Input data:

lemma moufang_right: "c * ((a * b) * a) = ((c * a) * b) * (a::'a::alternative_ring)"
proof -
  have "((c * a) * b) * a - c * (a * (b * a)) = associator (c * a) b a + associator c a (b * a)"
    unfolding associator_def by simp
  also have "\<dots> = 0"
    using associator_ba_a_skew [of b a c] associator_swap_right [of "c * a" b a]
      associator_swap_outer [of c a "b * a"] by simp
  finally show ?thesis
    using flexible_law [of a b] by simp
qed

section \<open>Iterated commutators with a fixed element\<close>

definition ad_pow :: "'a::nonassoc_ring \<Rightarrow> nat \<Rightarrow> 'a \<Rightarrow> 'a" where
  "ad_pow e k w = foldl commutator w (replicate k e)"

text \<open>The terms of the Lie derivation identity for [x, y, e, ..., e] in which D hits one of the
  k trailing copies of e; d stands for D e.\<close>

definition ad_pow_deriv :: "'a::nonassoc_ring \<Rightarrow> 'a \<Rightarrow> nat \<Rightarrow> 'a \<Rightarrow> 'a" where
  "ad_pow_deriv e d k w = (\<Sum>j<k. foldl commutator w ((replicate k e)[j := d]))"

lemma foldl_commutator_add:
  "foldl commutator (u + v) xs = foldl commutator u xs + foldl commutator (v::'a::nonassoc_ring) xs"
  by (induction xs arbitrary: u v) (simp_all add: commutator_add_left)

lemma foldl_commutator_zero: "foldl commutator (0::'a::nonassoc_ring) xs = 0"
  by (induction xs) simp_all

lemma foldl_commutator_minus:
  "foldl commutator (- u) xs = - foldl commutator (u::'a::nonassoc_ring) xs"
  using foldl_commutator_add [of "- u" u xs]
  by (simp add: foldl_commutator_zero eq_neg_iff_add_eq_0)

lemma ad_pow_add: "ad_pow e k (u + v) = ad_pow e k u + ad_pow e k v"
  unfolding ad_pow_def by (rule foldl_commutator_add)

lemma ad_pow_minus: "ad_pow e k (- u) = - ad_pow e k u"
  unfolding ad_pow_def by (rule foldl_commutator_minus)

lemma ad_pow_diff: "ad_pow e k (u - v) = ad_pow e k u - ad_pow e k v"
  using ad_pow_add [of e k u "- v"] by (simp add: ad_pow_minus)

lemmas ad_pow_linear = ad_pow_add ad_pow_minus ad_pow_diff

lemma ad_pow_zero [simp]: "ad_pow e k 0 = 0"
  unfolding ad_pow_def by (rule foldl_commutator_zero)

lemma ad_pow_Suc: "ad_pow e (Suc k) w = ad_pow e k (commutator w e)"
  unfolding ad_pow_def by simp

lemma ad_pow_eq_zero_if_commute: "commutator w e = 0 \<Longrightarrow> 0 < k \<Longrightarrow> ad_pow e k w = 0"
  by (cases k) (simp_all add: ad_pow_Suc)

lemma ad_pow_deriv_add:
  "ad_pow_deriv e d k (u + v) = ad_pow_deriv e d k u + ad_pow_deriv e d k v"
  unfolding ad_pow_deriv_def by (simp add: foldl_commutator_add sum.distrib)

lemma ad_pow_deriv_zero [simp]: "ad_pow_deriv e d k 0 = 0"
  unfolding ad_pow_deriv_def by (simp add: foldl_commutator_zero)

definition alt_sign :: "nat \<Rightarrow> 'a::ab_group_add \<Rightarrow> 'a" where
  "alt_sign k x = (if even k then x else - x)"

lemma alt_sign_alt_sign [simp]: "alt_sign k (alt_sign k x) = x"
  unfolding alt_sign_def by simp

lemma alt_sign_minus [simp]: "alt_sign k (- x) = - alt_sign k x"
  unfolding alt_sign_def by simp

lemma alt_sign_eq_zero_iff [simp]: "alt_sign k x = 0 \<longleftrightarrow> x = 0"
  unfolding alt_sign_def by simp

section \<open>Peirce decomposition with respect to an idempotent\<close>

locale idempotent =
  fixes e :: "'a::alternative_ring"
  assumes idem: "e * e = e"
begin

lemma idem_mult_idem_mult [simp]: "e * (e * x) = e * x"
  using associator_left_alternative [of e x] idem unfolding associator_def by simp

lemma mult_idem_mult_idem [simp]: "(x * e) * e = x * e"
  using associator_right_alternative [of x e] idem unfolding associator_def by simp

lemma mem_peirce_iff:
  "x \<in> peirce e i j \<longleftrightarrow> peirce_left i e x = x \<and> peirce_right j e x = x"
proof
  assume "x \<in> peirce e i j"
  then obtain z where "x = peirce_right j e (peirce_left i e z)"
    unfolding peirce_def by blast
  then show "peirce_left i e x = x \<and> peirce_right j e x = x"
    unfolding peirce_left_def peirce_right_def
    by (simp add: na_simps flexible_law [of e] flexible_law [of e "e * z"])
next
  assume "peirce_left i e x = x \<and> peirce_right j e x = x"
  then have "x = peirce_right j e (peirce_left i e x)"
    by simp
  then show "x \<in> peirce e i j"
    unfolding peirce_def by blast
qed

lemma peirce_11_iff: "x \<in> peirce e 1 1 \<longleftrightarrow> e * x = x \<and> x * e = x"
  and peirce_12_iff: "x \<in> peirce e 1 2 \<longleftrightarrow> e * x = x \<and> x * e = 0"
  and peirce_21_iff: "x \<in> peirce e 2 1 \<longleftrightarrow> e * x = 0 \<and> x * e = x"
  and peirce_22_iff: "x \<in> peirce e 2 2 \<longleftrightarrow> e * x = 0 \<and> x * e = 0"
  by (auto simp: mem_peirce_iff peirce_left_def peirce_right_def)

lemmas peirce_iffs = peirce_11_iff peirce_12_iff peirce_21_iff peirce_22_iff

lemma peirce_add: "x \<in> peirce e i j \<Longrightarrow> y \<in> peirce e i j \<Longrightarrow> x + y \<in> peirce e i j"
  unfolding mem_peirce_iff peirce_left_def peirce_right_def
  by (cases "i = 1"; cases "j = 1") (simp_all add: na_simps)

lemma peirce_minus: "x \<in> peirce e i j \<Longrightarrow> - x \<in> peirce e i j"
  unfolding mem_peirce_iff peirce_left_def peirce_right_def
  by (cases "i = 1"; cases "j = 1") (simp_all add: na_simps)

lemma peirce_diff: "x \<in> peirce e i j \<Longrightarrow> y \<in> peirce e i j \<Longrightarrow> x - y \<in> peirce e i j"
  using peirce_add [of x i j "- y"] by (simp add: peirce_minus)

lemma peirce_alt_sign: "x \<in> peirce e i j \<Longrightarrow> alt_sign k x \<in> peirce e i j"
  unfolding alt_sign_def by (simp add: peirce_minus)
lemma ediff_props: assumes "idem S e" "idem S f"
  shows "idem S (ediff e f)" "leq S (ediff e f) e" "ediff e f \<cdot> f = z" "join S (e \<cdot> f) (ediff e f) = e"
proof -
  have ef: "idem S (e \<cdot> f)" "leq S (e \<cdot> f) e" using assms idem_leq_mul1 by auto
  note P = ecompl_props[OF assms(1) ef(1) ef(2), folded ediff_def]
  show "idem S (ediff e f)" "leq S (ediff e f) e" "join S (e \<cdot> f) (ediff e f) = e" using P by blast+
  have fC: "f \<in> C" "e \<in> C" using assms idem_in by blast+
  have dC: "ediff e f \<in> C" using P idem_in by blast
  have "ediff e f = ediff e f \<cdot> e" using P idem_leq assms by blast
  then have "ediff e f \<cdot> f = ediff e f \<cdot> (e \<cdot> f)" using fC dC by (metis assoc)
  also have "\<dots> = (e \<cdot> f) \<cdot> ediff e f" using idem_comm P ef by blast
  also have "\<dots> = z" using P by blast
  finally show "ediff e f \<cdot> f = z" .
qed

lemma ediff_idem[simp]: "idem S e \<Longrightarrow> idem S f \<Longrightarrow> idem S (ediff e f)" using ediff_props by blast
lemma ediff_in[simp]: "idem S e \<Longrightarrow> idem S f \<Longrightarrow> ediff e f \<in> C" using ediff_props idem_in by blast

lemma ediff_char: assumes "idem S x" "idem S e" "idem S f"
  shows "leq S x (ediff e f) \<longleftrightarrow> leq S x e \<and> x \<cdot> f = z"
proof
  assume h: "leq S x (ediff e f)"
  then have "leq S x e" using ediff_props assms leq_trans by blast
  moreover have "x \<cdot> f = z"
  proof -
    have "x = x \<cdot> ediff e f" using h idem_leq assms by simp
    then have "x \<cdot> f = x \<cdot> (ediff e f \<cdot> f)" using assms idem_in by (metis assoc ediff_in)
    then show ?thesis using ediff_props assms idem_in by simp
  qed
  ultimately show "leq S x e \<and> x \<cdot> f = z" ..
next
  assume h: "leq S x e \<and> x \<cdot> f = z"
  have C: "x \<in> C" "e \<in> C" "f \<in> C" using assms idem_in by blast+
  have c: "compat S (e \<cdot> f) (ediff e f)" using idem_compat assms by simp
  have "x = x \<cdot> e" using h idem_leq assms by blast
  also have "\<dots> = x \<cdot> join S (e \<cdot> f) (ediff e f)" using ediff_props assms by simp
  also have "\<dots> = join S (x \<cdot> (e \<cdot> f)) (x \<cdot> ediff e f)" using mul_join_distrib[OF c] C by simp
  also have "x \<cdot> (e \<cdot> f) = z"
  proof -
    have "x \<cdot> (e \<cdot> f) = (x \<cdot> e) \<cdot> f" using C by simp
    also have "\<dots> = x \<cdot> f" using `x = x \<cdot> e` by simp
    finally show ?thesis using h by simp
  qed
  also have "join S z (x \<cdot> ediff e f) = x \<cdot> ediff e f" using C assms by simp
  finally show "leq S x (ediff e f)" using idem_leq assms by simp
qed

lemma ediff_leqI: "idem S x \<Longrightarrow> idem S e \<Longrightarrow> idem S f \<Longrightarrow> leq S x e \<Longrightarrow> x \<cdot> f = z \<Longrightarrow> leq S x (ediff e f)"
  using ediff_char by blast

lemma ediff_self: assumes "idem S e" shows "ediff e e = z"
proof -
  have "leq S (ediff e e) e" "ediff e e \<cdot> e = z" using ediff_props assms by blast+
  moreover have "ediff e e = ediff e e \<cdot> e" using calculation idem_leq assms by simp
  ultimately show ?thesis by simp
qed

lemma ediff_ortho: "idem S e \<Longrightarrow> idem S f \<Longrightarrow> f \<cdot> ediff e f = z"
  using ediff_props idem_comm by (metis ediff_idem)

lemma ediff_split: assumes "idem S x" "idem S f" shows "x = join S (x \<cdot> f) (ediff x f)"
  using ediff_props assms by simp

lemma ediff_mul_self: "idem S e \<Longrightarrow> idem S f \<Longrightarrow> ediff e (e \<cdot> f) = ediff e f"
  unfolding ediff_def by (simp add: idem_in)

lemma ediff_antimono:
  assumes e: "idem S e" and f: "idem S f" and g: "idem S g" and gf: "leq S g f"
  shows "leq S (ediff e f) (ediff e g)"
proof (rule ediff_leqI)
  have "ediff e f \<cdot> g = (ediff e f \<cdot> f) \<cdot> g" using idem_leq'[OF g f] gf e f g idem_in by (metis assoc ediff_in)
  then show "ediff e f \<cdot> g = z" using ediff_props(3)[OF e f] g idem_in by simp
qed (use assms ediff_props(2) in auto)

lemma mul_le_ediff:
  assumes x: "idem S x" and e: "idem S e" and g: "idem S g" and xg: "x \<cdot> g = z"
  shows "leq S (x \<cdot> e) (ediff e g)"
proof (rule ediff_leqI)
  have "x \<cdot> e \<cdot> g = x \<cdot> g \<cdot> e" using idem_comm[OF e g] assms idem_in by (metis assoc)
  then show "x \<cdot> e \<cdot> g = z" using xg e idem_in by simp
qed (use assms idem_leq_mul2 in auto)

lemma ediff_mono:
  assumes "idem S e" "idem S e'" "idem S f" "leq S e e'"
  shows "leq S (ediff e f) (ediff e' f)"
  using assms ediff_leqI ediff_idem ediff_props(2,3) leq_trans by meson

lemma ediff_le_join:
  assumes e: "idem S e" and f: "idem S f" and g: "idem S g"
  shows "leq S (ediff e g) (join S (ediff e f) (ediff f g))"
proof -
  define x where "x = ediff e g"
  have x: "idem S x" and xe: "leq S x e" and xg: "x \<cdot> g = z" using ediff_props x_def e g by simp_all
  have "leq S (join S (x \<cdot> f) (ediff x f)) (join S (ediff f g) (ediff e f))"
    using join_mono mul_le_ediff[OF x f g xg] ediff_mono[OF x e f xe] idem_compat x e f g by simp
  then show ?thesis using ediff_split[OF x f] join_comm x_def by metis
qed

lemma ediff_join_le_right:
  assumes f: "idem S f" and g: "idem S g"
  shows "leq S (ediff (join S f g) f) g"
proof -
  have fg: "idem S (join S f g)" using join_idem f g by blast
  define x where "x = ediff (join S f g) f"
  have x: "idem S x" using x_def fg f by simp
  have "x = join S (x \<cdot> f) (x \<cdot> g)" using idem_below_join[OF x f g] ediff_props(2)[OF fg f] x_def by simp
  also have "x \<cdot> f = z" using ediff_props(3)[OF fg f] x_def by simp
  finally have "x = x \<cdot> g" using x g idem_in by simp
  then show ?thesis using idem_leq x g x_def by simp
qed

lemma ediff_join_le:
  assumes e: "idem S e" and f: "idem S f" and g: "idem S g" and h: "idem S h"
  shows "leq S (ediff (join S e f) (join S g h)) (join S (ediff e g) (ediff f h))"
proof -
  have cgh: "compat S g h" using idem_compat g h by blast
  have jef: "idem S (join S e f)" and jgh: "idem S (join S g h)" using join_idem assms by blast+
  define x where "x = ediff (join S e f) (join S g h)"
  have x: "idem S x" using jef jgh x_def by simp
  have "leq S x (ediff (join S e f) g)" "leq S x (ediff (join S e f) h)"
    using ediff_antimono[OF jef jgh] join_ub1[OF cgh] join_ub2[OF cgh] g h x_def by blast+
  then have "x \<cdot> g = z" "x \<cdot> h = z" using ediff_char x jef g h by blast+
  then have "leq S (x \<cdot> e) (ediff e g)" "leq S (x \<cdot> f) (ediff f h)" using mul_le_ediff x assms by blast+
  then have "leq S (join S (x \<cdot> e) (x \<cdot> f)) (join S (ediff e g) (ediff f h))"
    using join_mono idem_compat x assms by simp
  moreover have "x = join S (x \<cdot> e) (x \<cdot> f)" using idem_below_join[OF x e f] ediff_props(2)[OF jef jgh] x_def by simp
  ultimately show ?thesis using x_def by simp
qed

lemma bdiff_eq: assumes "leq S b a" shows "bdiff S a b = a \<cdot> ediff (dom S a) (dom S b)"
proof -
  have C: "a \<in> C" "b \<in> C" using assms leq_in_left leq_in_right by blast+
  have "dom S a \<cdot> dom S b = dom S b" using dom_mono[OF assms] idem_leq' C by simp
  then show ?thesis unfolding bdiff_def ediff_def by simp
qed

lemma bdiff_leq: assumes "leq S b a" shows "leq S (bdiff S a b) a"
  using bdiff_eq[OF assms] mul_idem_leq assms leq_in_left leq_in_right by (metis ediff_idem dom_idem)

lemma bdiff_in[simp]: "leq S b a \<Longrightarrow> bdiff S a b \<in> C"
  using bdiff_leq leq_in_left by blast

lemma dom_bdiff: assumes "leq S b a" shows "dom S (bdiff S a b) = ediff (dom S a) (dom S b)"
proof -
  have C: "a \<in> C" "b \<in> C" using assms leq_in_left leq_in_right by blast+
  have g: "idem S (ediff (dom S a) (dom S b))" using C by simp
  have "dom S (bdiff S a b) = dom S a \<cdot> ediff (dom S a) (dom S b)" using bdiff_eq[OF assms] dom_mul_idem C g by simp
  also have "\<dots> = ediff (dom S a) (dom S b)" using ediff_props[of "dom S a" "dom S b"] C idem_leq' g by simp
  finally show ?thesis .
qed

lemma bdiff_join: assumes "leq S b a" shows "join S b (bdiff S a b) = a"
proof -
  have C: "a \<in> C" "b \<in> C" using assms leq_in_left leq_in_right by blast+
  have g: "idem S (ediff (dom S a) (dom S b))" using C by simp
  have c: "compat S (dom S b) (ediff (dom S a) (dom S b))" using idem_compat C g by simp
  have db: "dom S a \<cdot> dom S b = dom S b" using dom_mono[OF assms] idem_leq' C by simp
  have "join S b (bdiff S a b) = join S (a \<cdot> dom S b) (a \<cdot> ediff (dom S a) (dom S b))"
    using bdiff_eq[OF assms] leqD[OF assms] by simp
  also have "\<dots> = a \<cdot> join S (dom S b) (ediff (dom S a) (dom S b))" using mul_join_distrib[OF c] C by simp
  also have "\<dots> = a \<cdot> dom S a" using ediff_props[of "dom S a" "dom S b"] C db by simp
  finally show ?thesis using C by simp
qed

lemma ran_join: assumes "compat S a b" shows "ran S (join S a b) = join S (ran S a) (ran S b)"
proof -
  have C: "a \<in> C" "b \<in> C" using assms compat_in by blast+
  have "ran S (join S a b) = dom S (iv (join S a b))" using dom_inv join_in assms by simp
  also have "\<dots> = dom S (join S (iv a) (iv b))" using inv_join[OF assms] by simp
  also have "\<dots> = join S (ran S a) (ran S b)" using dom_join[OF compat_inv[OF assms]] C by simp
  finally show ?thesis .
qed

lemma bdiff_trans_le:
  assumes dc: "leq S d c" and ca: "leq S c a"
  shows "leq S (bdiff S a d) (join S (bdiff S a c) (bdiff S c d))"
proof -
  have da: "leq S d a" using leq_trans[OF dc ca] .
  have u: "leq S (bdiff S a c) a" "leq S (bdiff S c d) a" using bdiff_leq ca dc leq_trans by blast+
  have cu: "compat S (bdiff S a c) (bdiff S c d)" using compat_below[OF u] .
  have "dom S (join S (bdiff S a c) (bdiff S c d))
      = join S (ediff (dom S a) (dom S c)) (ediff (dom S c) (dom S d))"
    using dom_join[OF cu] dom_bdiff[OF ca] dom_bdiff[OF dc] by simp
  then have "leq S (dom S (bdiff S a d)) (dom S (join S (bdiff S a c) (bdiff S c d)))"
    using ediff_le_join dom_bdiff[OF da] leq_in_left[OF da] leq_in_left[OF ca] leq_in_right[OF ca] by simp
  then show ?thesis using leq_iff_dom_leq[OF bdiff_leq[OF da] join_least[OF cu u]] by blast
qed

lemma bdiff_restrict_le:
  assumes cb: "leq S c b" and c'b: "leq S c' b"
  shows "leq S (bdiff S c (c \<cdot> dom S c')) (bdiff S b c')"
proof -
  have C: "b \<in> C" "c \<in> C" "c' \<in> C" using assms leq_in_left leq_in_right by blast+
  have cc: "leq S (c \<cdot> dom S c') c" using mul_idem_leq C by simp
  have "dom S (bdiff S c (c \<cdot> dom S c')) = ediff (dom S c) (dom S c')"
    using dom_bdiff[OF cc] dom_mul_idem ediff_mul_self C by simp
  then have "leq S (dom S (bdiff S c (c \<cdot> dom S c'))) (dom S (bdiff S b c'))"
    using ediff_mono dom_mono[OF cb] dom_bdiff[OF c'b] C by simp
  then show ?thesis
    using leq_iff_dom_leq[OF leq_trans[OF bdiff_leq[OF cc] cb] bdiff_leq[OF c'b]] by blast
qed

lemma bdiff_inv_le:
  assumes ca: "leq S c a"
  shows "leq S (bdiff S (iv a) (iv c)) (iv (bdiff S a c))"
proof -
  have C: "a \<in> C" "c \<in> C" using ca leq_in_left leq_in_right by blast+
  have ci: "leq S (iv c) (iv a)" using leq_inv[OF ca] .
  have "ran S a = join S (ran S c) (ran S (bdiff S a c))"
    using ran_join[OF compat_below[OF ca bdiff_leq[OF ca]]] bdiff_join[OF ca] by simp
  then have "leq S (dom S (bdiff S (iv a) (iv c))) (dom S (iv (bdiff S a c)))"
    using ediff_join_le_right[OF ran_idem[OF C(2)] ran_idem[OF bdiff_in[OF ca]]] dom_bdiff[OF ci]
      dom_inv[OF bdiff_in[OF ca]] C by simp
  then show ?thesis using leq_iff_dom_leq[OF bdiff_leq[OF ci] leq_inv[OF bdiff_leq[OF ca]]] by blast
qed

Instructions for the task: Reproduce verbatim the range of lines that opens the records and closes with the line containing "by (simp add: foldl_commutator_zero eq_neg_iff_add_eq_0)". Omit everything after it.

Response to this exercise:
lemma moufang_right: "c * ((a * b) * a) = ((c * a) * b) * (a::'a::alternative_ring)"
proof -
  have "((c * a) * b) * a - c * (a * (b * a)) = associator (c * a) b a + associator c a (b * a)"
    unfolding associator_def by simp
  also have "\<dots> = 0"
    using associator_ba_a_skew [of b a c] associator_swap_right [of "c * a" b a]
      associator_swap_outer [of c a "b * a"] by simp
  finally show ?thesis
    using flexible_law [of a b] by simp
qed

section \<open>Iterated commutators with a fixed element\<close>

definition ad_pow :: "'a::nonassoc_ring \<Rightarrow> nat \<Rightarrow> 'a \<Rightarrow> 'a" where
  "ad_pow e k w = foldl commutator w (replicate k e)"

text \<open>The terms of the Lie derivation identity for [x, y, e, ..., e] in which D hits one of the
  k trailing copies of e; d stands for D e.\<close>

definition ad_pow_deriv :: "'a::nonassoc_ring \<Rightarrow> 'a \<Rightarrow> nat \<Rightarrow> 'a \<Rightarrow> 'a" where
  "ad_pow_deriv e d k w = (\<Sum>j<k. foldl commutator w ((replicate k e)[j := d]))"

lemma foldl_commutator_add:
  "foldl commutator (u + v) xs = foldl commutator u xs + foldl commutator (v::'a::nonassoc_ring) xs"
  by (induction xs arbitrary: u v) (simp_all add: commutator_add_left)

lemma foldl_commutator_zero: "foldl commutator (0::'a::nonassoc_ring) xs = 0"
  by (induction xs) simp_all

lemma foldl_commutator_minus:
  "foldl commutator (- u) xs = - foldl commutator (u::'a::nonassoc_ring) xs"
  using foldl_commutator_add [of "- u" u xs]
  by (simp add: foldl_commutator_zero eq_neg_iff_add_eq_0)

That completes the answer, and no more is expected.